I am going through this. I lost my mum 2 mths ago and I miss her like crazy. I am struggling loads right now with my youngests birthday coming up and knowing my mum would have been excited and heavily involved. But I miss I can't talk to her and her answer. Or just to give her a big hug Just kills some days it really does.

I keep her memory alive and talk to her but the void is huge some days.

So sorry to hear of everyone's loss of their mums on this thread my thought are with you all x

CoffeeDog · 09/06/2012 13:17

My mum died last month - i miss her and often pick up my phone to call her....

I went to the remeberance garden in the church yard for the first time today since the internment of her ashes. I was worried i wouldn't remeber where she was (waiting for a plauque still could be 3 months ;( )

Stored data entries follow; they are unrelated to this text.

lemma (in amalgam) amalg_has_isometric_word_metrics:
  assumes "finitely_generated H" "finitely_generated K" "finite A"
  shows "has_isometric_word_metrics H (amalg H K A \<phi>) (amalg_incl H K A \<phi>)"
proof -
  obtain SH where SH: "finite SH" "SH \<subseteq> carrier H" "\<forall>s\<in>SH. inv\<^bsub>H\<^esub> s \<in> SH"
      "generate H SH = carrier H" "A \<subseteq> SH"
    using H.finite_symmetric_generating_set[OF assms(1,3) A.subset] by blast
  obtain SK where SK: "finite SK" "SK \<subseteq> carrier K" "\<forall>s\<in>SK. inv\<^bsub>K\<^esub> s \<in> SK"
      "generate K SK = carrier K"
    by (rule K.finite_symmetric_generating_set[OF assms(2) finite.emptyI empty_subsetI])
  interpret amalgam_gens H K A B \<phi> SH using SH by unfold_locales auto
  let ?Y = "amalg_gens H K" and ?R = "amalg_rel H K A \<phi>"
  define Y0 where "Y0 = Inl ` SH \<union> Inr ` SK"
  have Y0: "Y0 \<subseteq> ?Y" using SH SK by (auto simp: Y0_def amalg_gens_def)
  have SH_Y0: "Inl ` SH \<subseteq> Y0" and SK_Y0: "Inr ` SK \<subseteq> Y0" by (auto simp: Y0_def)
  have P: "group (presented ?Y ?R)" by (rule group_presented[OF inv_letter])
  have hom_H: "group_hom H (presented ?Y ?R) (\<lambda>h. pres_class ?Y ?R [Inl h])"
    by (rule group_hom_presented_letters[OF group_H P _ cong_amalg_rel_Inl]) (auto simp: amalg_gens_def)
  have hom_K: "group_hom K (presented ?Y ?R) (\<lambda>k. pres_class ?Y ?R [Inr k])"
    by (rule group_hom_presented_letters[OF group_K P _ cong_amalg_rel_Inr]) (auto simp: amalg_gens_def)
  have "has_isometric_word_metrics H (presented ?Y ?R) (\<lambda>h. pres_class ?Y ?R [Inl h])"
  proof (rule presented_isometric_word_metricsI[OF group_H inv_letter _ cong_amalg_rel_Inl SH(1-4)])
    show "Inl ` carrier H \<subseteq> ?Y" by (auto simp: amalg_gens_def)
    show "finite Y0" using SH SK by (simp add: Y0_def)
    show "Inl ` SH \<subseteq> Y0" by (fact SH_Y0)
    show "Y0 \<subseteq> ?Y" by (fact Y0)
    show "inv_letter y \<in> Y0" if "y \<in> Y0" for y using that SH(3) SK(3) by (auto simp: Y0_def)
    show "pres_class ?Y ?R [y] \<in> generate (presented ?Y ?R) ((\<lambda>y. pres_class ?Y ?R [y]) ` Y0)"
      if "y \<in> ?Y" for y
      using that presented_letters_in_generate[OF hom_H SH(2,4) Y0 SH_Y0]
        presented_letters_in_generate[OF hom_K SK(2,4) Y0 SK_Y0]
      by (auto simp: amalg_gens_def)
    show "\<exists>ss. set ss \<subseteq> SH \<and> length ss \<le> length w \<and> word_prod H ss = h"
      if "w \<in> lists Y0" "h \<in> carrier H" "cong_gen ?R w [Inl h]" for w h
    proof (rule shorten_amalg_word[OF _ that(2,3)])
      have "Y0 \<subseteq> letters" using SK(2) by (auto simp: Y0_def letters_def)
      then show "w \<in> lists letters" using that(1) lists_mono by blast
    qed
  qed
  then show ?thesis by (simp add: amalg_def amalg_incl_def[abs_def])
qed
lemma ARF_eq_if_L_pair_add_nbhd:
  assumes "L_pair q = add_nbhd (L_pair p) z w" and "z \<noteq> w" "L_pair p z w"
  shows "ARF q = ARF p"
  using arf_count_add_nbhd[of "L_pair p", OF L_pair_sym L_pair_irrefl assms(2,3)] assms(1)
  by (simp add: ARF_eq_arf_count)

lemma L_pair_eq_add_nbhd:
  assumes "\<And>x y. x \<noteq> w \<Longrightarrow> y \<noteq> w \<Longrightarrow> L_pair q x y = L_pair p x y"
    and "\<And>y. y \<noteq> w \<Longrightarrow> L_pair q w y = (L_pair p w y \<noteq> L_pair p z y)"
  shows "L_pair q = add_nbhd (L_pair p) z w"
proof (intro ext)
  fix x y
  consider "x = w" "y = w" | "x = w" "y \<noteq> w" | "x \<noteq> w" "y = w" | "x \<noteq> w" "y \<noteq> w"
    by blast
  then show "L_pair q x y = add_nbhd (L_pair p) z w x y"
  proof cases
    case 3
    then show ?thesis
      using assms(2)[of x] L_pair_sym[of q x w] L_pair_sym[of p x w] L_pair_sym[of p x z]
      by (simp add: add_nbhd_def)
  qed (use assms in \<open>simp_all add: add_nbhd_def L_pair_irrefl\<close>)
qed

lemma bij_betw_atLeastAtMost_if_inj:
  fixes f :: "'a::finite \<Rightarrow> nat"
  assumes "inj f" and "\<And>x. f x \<in> {1..CARD('a)}"
  shows "bij_betw f UNIV {1..CARD('a)}"
proof -
  have "f ` UNIV = {1..CARD('a)}"
    using assms by (intro card_subset_eq) (auto simp: card_image)
  then show ?thesis
    using assms(1) by (simp add: bij_betw_def)
qed

lemma is_pairD:
  fixes p :: "('a::finite) pair"
  assumes "is_pair p"
  shows "inj (fst p)" "inj (snd p)" "fst p x \<in> {1..CARD('a)}" "snd p x \<in> {1..CARD('a)}"
    and "k \<in> {1..CARD('a)} \<Longrightarrow> fst p (inv (fst p) k) = k"
    and "k \<in> {1..CARD('a)} \<Longrightarrow> snd p (inv (snd p) k) = k"
  using assms unfolding is_pair_def
  by (auto dest: bij_betw_imp_inj_on bij_betwE bij_betw_inv_into_right)

lemma is_pairI:
  fixes p :: "('a::finite) pair"
  assumes "inj (fst p)" "inj (snd p)" "\<And>x. fst p x \<in> {1..CARD('a)}" "\<And>x. snd p x \<in> {1..CARD('a)}"
  shows "is_pair p"
  unfolding is_pair_def using assms by (intro conjI bij_betw_atLeastAtMost_if_inj)

definition ends_differ :: "('a::finite) pair \<Rightarrow> bool" where
  "ends_differ p \<longleftrightarrow>
     (\<forall>x. fst p x = 1 \<longrightarrow> snd p x \<noteq> 1) \<and> (\<forall>x. fst p x = CARD('a) \<longrightarrow> snd p x \<noteq> CARD('a))"

lemma rauzy_move_False:
  fixes p :: "('a::finite) pair"
  defines "z \<equiv> inv (fst p) CARD('a)"
  shows "rauzy_move False p = (fst p, \<lambda>b. if snd p b \<le> snd p z then snd p b
     else if snd p b < CARD('a) then snd p b + 1 else snd p z + 1)"
  unfolding z_def by (simp add: rauzy_move_def Let_def comp_of_def set_comp_def)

I saw that there were already 2 more sets of flowers there It seems me sis and dad all went this morning ;)

t875 · 11/06/2012 00:33

ah you all thought the same bet that was nice for you.. hope you are ok. and getting through your days the best you can. x

littlemefi · 12/06/2012 21:42

My mum died in February, she was only 71. I miss her so much...I just went to ring her and remembered she has gone; I feel so cheated. I have a 2 year old dd and I talk to her about 'Granny'; I don't want her to forget.
Sorry to hear of all your losses...thinking of you going through this time.